Top of Entries shown

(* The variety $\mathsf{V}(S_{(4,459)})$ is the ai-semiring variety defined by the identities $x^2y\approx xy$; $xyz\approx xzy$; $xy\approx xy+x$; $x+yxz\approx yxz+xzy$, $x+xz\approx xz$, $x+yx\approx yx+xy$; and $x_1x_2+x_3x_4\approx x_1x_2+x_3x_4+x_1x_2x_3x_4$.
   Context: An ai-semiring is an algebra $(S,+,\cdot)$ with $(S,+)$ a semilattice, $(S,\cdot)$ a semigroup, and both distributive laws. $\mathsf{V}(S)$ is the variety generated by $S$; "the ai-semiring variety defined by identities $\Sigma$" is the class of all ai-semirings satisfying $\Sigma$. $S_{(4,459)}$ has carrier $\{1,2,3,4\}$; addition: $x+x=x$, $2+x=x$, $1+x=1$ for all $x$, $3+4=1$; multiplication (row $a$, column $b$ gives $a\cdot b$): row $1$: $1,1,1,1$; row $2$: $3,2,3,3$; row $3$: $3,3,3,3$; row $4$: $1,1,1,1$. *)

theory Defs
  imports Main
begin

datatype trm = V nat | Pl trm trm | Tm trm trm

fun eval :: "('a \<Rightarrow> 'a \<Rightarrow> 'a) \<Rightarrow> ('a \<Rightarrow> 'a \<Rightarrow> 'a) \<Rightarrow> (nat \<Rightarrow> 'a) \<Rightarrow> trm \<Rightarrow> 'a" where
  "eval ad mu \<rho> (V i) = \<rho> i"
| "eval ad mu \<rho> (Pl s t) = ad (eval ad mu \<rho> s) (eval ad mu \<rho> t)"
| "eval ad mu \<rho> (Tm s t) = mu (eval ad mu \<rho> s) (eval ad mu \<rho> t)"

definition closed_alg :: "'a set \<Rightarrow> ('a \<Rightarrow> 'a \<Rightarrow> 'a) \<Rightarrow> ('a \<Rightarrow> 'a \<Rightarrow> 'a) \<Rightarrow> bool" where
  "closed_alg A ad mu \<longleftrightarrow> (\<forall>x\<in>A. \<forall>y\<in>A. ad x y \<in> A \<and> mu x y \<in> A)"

Bottom of Entries shown
Top of Entries shown

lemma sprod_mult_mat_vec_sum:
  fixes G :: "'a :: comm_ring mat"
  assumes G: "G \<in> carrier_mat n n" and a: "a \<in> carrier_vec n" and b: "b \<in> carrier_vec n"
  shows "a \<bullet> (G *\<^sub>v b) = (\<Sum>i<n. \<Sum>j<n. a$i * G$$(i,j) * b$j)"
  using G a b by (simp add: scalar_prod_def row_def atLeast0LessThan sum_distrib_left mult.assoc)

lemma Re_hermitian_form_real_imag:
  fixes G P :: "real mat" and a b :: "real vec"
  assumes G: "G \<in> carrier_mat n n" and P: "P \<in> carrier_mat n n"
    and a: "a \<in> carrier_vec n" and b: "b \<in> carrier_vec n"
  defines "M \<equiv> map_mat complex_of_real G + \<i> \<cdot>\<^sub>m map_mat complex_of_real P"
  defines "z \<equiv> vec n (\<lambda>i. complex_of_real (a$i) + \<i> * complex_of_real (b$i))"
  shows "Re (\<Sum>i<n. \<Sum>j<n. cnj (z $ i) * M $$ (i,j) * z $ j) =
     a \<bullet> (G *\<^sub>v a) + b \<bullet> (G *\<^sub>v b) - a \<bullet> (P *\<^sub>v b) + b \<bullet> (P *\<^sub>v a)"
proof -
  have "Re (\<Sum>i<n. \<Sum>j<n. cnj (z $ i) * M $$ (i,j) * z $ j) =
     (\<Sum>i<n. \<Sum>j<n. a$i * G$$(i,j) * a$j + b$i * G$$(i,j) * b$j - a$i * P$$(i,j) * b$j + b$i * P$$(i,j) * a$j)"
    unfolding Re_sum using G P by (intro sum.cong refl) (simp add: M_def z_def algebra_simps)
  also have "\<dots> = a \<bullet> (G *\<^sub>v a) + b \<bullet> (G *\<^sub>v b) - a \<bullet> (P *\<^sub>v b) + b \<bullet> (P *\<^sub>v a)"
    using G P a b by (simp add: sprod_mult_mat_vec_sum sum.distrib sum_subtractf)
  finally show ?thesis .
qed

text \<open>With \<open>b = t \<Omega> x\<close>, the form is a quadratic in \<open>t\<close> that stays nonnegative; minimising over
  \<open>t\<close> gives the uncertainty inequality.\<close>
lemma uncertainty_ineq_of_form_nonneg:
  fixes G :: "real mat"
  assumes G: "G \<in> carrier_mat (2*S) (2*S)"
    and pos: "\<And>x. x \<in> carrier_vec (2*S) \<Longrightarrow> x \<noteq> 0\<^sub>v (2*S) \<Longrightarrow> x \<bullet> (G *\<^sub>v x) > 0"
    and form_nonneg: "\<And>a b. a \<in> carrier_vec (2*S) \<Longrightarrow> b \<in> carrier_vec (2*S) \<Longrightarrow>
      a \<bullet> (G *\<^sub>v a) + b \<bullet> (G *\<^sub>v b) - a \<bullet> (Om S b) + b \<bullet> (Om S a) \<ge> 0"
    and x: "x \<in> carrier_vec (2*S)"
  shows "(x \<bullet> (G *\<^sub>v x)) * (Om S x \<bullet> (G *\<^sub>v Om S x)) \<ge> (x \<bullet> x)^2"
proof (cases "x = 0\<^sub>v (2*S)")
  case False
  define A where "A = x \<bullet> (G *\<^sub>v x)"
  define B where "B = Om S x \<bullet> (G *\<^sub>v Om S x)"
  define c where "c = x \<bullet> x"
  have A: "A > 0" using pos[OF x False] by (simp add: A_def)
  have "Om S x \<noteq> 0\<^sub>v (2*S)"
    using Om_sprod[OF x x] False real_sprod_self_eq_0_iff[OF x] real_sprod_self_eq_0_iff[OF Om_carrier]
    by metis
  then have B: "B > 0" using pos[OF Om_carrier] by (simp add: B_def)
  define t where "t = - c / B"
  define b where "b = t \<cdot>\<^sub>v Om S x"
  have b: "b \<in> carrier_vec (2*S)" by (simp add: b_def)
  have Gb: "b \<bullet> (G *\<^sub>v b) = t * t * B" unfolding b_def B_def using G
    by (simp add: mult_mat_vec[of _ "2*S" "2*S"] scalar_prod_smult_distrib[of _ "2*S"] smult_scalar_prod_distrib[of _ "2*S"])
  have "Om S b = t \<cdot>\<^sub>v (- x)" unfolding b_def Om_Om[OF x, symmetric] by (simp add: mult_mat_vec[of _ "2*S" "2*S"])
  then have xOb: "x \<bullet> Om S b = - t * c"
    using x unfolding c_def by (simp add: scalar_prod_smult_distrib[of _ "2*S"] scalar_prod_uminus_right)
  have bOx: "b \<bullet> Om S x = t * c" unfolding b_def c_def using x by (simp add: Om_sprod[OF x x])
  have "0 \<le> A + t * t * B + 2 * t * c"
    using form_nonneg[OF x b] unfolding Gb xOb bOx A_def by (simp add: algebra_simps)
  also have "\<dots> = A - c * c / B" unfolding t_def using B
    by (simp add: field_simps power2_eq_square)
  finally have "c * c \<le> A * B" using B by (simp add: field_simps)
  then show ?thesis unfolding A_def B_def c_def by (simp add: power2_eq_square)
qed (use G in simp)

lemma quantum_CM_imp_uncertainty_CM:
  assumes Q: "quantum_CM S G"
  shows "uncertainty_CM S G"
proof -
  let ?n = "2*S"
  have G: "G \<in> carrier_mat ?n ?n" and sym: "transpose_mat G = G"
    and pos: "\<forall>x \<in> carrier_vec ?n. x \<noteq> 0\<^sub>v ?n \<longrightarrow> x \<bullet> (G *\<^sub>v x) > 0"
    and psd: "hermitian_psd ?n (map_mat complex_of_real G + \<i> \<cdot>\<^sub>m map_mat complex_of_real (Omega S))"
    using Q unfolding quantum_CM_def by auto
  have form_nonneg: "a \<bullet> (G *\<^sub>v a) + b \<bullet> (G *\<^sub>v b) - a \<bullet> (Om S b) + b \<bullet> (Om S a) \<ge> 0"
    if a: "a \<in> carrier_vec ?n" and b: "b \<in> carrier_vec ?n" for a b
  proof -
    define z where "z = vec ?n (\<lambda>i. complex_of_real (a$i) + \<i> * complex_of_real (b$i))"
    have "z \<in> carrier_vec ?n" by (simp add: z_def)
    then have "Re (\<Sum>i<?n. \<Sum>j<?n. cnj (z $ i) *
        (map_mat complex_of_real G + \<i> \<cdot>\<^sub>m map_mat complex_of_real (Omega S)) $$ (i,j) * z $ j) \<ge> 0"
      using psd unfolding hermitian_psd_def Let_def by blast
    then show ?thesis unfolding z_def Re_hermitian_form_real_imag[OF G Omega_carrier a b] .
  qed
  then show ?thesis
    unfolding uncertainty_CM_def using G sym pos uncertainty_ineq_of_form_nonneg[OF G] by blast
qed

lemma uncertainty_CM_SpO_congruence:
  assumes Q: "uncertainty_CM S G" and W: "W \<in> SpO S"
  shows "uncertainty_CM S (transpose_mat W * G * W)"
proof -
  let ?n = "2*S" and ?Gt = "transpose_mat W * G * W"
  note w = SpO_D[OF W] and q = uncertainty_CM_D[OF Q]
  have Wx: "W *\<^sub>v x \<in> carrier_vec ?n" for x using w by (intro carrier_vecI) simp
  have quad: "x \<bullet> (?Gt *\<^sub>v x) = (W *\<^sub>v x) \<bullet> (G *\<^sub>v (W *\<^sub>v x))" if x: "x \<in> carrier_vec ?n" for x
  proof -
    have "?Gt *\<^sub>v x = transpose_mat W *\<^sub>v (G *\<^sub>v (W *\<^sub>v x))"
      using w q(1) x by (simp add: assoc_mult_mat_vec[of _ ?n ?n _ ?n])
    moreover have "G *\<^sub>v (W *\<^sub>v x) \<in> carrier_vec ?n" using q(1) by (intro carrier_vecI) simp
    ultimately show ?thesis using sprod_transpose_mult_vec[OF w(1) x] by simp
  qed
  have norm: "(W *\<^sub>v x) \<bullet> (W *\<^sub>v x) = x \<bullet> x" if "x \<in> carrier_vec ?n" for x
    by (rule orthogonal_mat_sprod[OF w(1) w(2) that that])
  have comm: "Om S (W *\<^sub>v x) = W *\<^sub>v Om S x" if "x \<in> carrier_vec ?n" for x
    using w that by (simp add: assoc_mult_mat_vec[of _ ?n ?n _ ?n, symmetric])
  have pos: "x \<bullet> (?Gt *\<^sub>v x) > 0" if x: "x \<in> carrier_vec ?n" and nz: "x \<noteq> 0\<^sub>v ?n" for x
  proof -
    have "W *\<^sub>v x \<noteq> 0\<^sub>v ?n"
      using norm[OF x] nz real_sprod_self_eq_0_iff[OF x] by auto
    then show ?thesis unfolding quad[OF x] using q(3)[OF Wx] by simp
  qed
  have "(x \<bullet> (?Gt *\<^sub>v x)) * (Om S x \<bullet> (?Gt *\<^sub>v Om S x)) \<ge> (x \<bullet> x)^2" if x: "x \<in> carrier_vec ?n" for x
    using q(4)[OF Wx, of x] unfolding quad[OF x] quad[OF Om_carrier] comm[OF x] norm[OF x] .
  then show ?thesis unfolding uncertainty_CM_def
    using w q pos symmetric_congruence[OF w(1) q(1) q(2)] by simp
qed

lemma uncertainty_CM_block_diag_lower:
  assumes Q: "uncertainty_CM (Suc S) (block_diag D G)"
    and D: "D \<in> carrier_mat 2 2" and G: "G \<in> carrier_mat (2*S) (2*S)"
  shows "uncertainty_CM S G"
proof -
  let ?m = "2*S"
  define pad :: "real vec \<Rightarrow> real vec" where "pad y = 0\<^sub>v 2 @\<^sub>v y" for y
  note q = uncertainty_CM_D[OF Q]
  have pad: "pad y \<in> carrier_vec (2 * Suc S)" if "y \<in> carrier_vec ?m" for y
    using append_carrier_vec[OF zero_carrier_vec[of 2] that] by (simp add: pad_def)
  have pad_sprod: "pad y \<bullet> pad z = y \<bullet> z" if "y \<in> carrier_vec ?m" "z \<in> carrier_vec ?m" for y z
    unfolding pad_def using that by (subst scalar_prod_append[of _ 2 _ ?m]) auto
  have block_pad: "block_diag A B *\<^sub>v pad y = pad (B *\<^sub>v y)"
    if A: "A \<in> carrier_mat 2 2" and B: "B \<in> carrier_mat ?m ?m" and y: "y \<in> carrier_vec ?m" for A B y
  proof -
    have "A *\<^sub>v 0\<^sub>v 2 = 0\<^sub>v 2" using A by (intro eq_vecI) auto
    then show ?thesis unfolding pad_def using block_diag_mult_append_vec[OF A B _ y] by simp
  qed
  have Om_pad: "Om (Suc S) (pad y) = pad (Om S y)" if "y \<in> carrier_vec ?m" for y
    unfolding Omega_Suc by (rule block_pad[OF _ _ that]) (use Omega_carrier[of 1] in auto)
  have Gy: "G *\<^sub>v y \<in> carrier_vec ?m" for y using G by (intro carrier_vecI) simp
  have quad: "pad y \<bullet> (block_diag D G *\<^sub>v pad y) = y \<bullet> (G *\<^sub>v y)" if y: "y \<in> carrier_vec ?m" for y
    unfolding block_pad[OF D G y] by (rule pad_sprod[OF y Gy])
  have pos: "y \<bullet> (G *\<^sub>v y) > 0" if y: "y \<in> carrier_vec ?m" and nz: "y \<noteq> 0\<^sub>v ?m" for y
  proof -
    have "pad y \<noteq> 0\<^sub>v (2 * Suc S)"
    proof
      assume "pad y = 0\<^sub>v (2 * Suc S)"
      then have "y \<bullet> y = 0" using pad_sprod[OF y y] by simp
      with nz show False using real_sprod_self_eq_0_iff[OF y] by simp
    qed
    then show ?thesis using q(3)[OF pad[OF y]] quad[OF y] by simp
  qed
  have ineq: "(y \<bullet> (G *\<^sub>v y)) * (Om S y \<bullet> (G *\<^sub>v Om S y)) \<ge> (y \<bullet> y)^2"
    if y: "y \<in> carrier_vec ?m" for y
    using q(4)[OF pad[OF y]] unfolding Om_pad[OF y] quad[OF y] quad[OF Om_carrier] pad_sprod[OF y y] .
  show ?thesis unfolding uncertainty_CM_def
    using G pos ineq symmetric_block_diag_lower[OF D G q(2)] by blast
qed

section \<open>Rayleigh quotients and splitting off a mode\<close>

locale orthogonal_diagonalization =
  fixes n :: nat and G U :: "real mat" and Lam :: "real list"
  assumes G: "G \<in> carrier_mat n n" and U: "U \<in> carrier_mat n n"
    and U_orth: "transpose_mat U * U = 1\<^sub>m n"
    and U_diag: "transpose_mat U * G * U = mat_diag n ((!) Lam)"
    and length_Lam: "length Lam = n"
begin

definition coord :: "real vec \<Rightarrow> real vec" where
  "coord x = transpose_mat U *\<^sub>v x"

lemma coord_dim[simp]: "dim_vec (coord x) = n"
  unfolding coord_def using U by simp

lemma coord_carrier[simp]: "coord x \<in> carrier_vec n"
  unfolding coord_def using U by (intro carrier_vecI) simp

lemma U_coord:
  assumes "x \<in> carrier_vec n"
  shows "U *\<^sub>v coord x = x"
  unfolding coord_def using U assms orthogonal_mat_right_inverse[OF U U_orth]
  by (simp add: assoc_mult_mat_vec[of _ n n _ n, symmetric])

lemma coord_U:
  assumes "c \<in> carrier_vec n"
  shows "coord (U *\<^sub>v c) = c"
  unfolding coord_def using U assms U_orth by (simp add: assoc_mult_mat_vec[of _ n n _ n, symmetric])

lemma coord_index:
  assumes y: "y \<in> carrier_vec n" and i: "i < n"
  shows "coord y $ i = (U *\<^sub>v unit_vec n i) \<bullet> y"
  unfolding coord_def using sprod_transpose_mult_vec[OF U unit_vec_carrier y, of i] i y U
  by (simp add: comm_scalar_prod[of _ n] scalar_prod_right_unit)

Bottom of Entries shown

*Description of the task*.
The answer should be a bare number: the count of lines above in which the word "finally" occurs.

*Written answer*.
2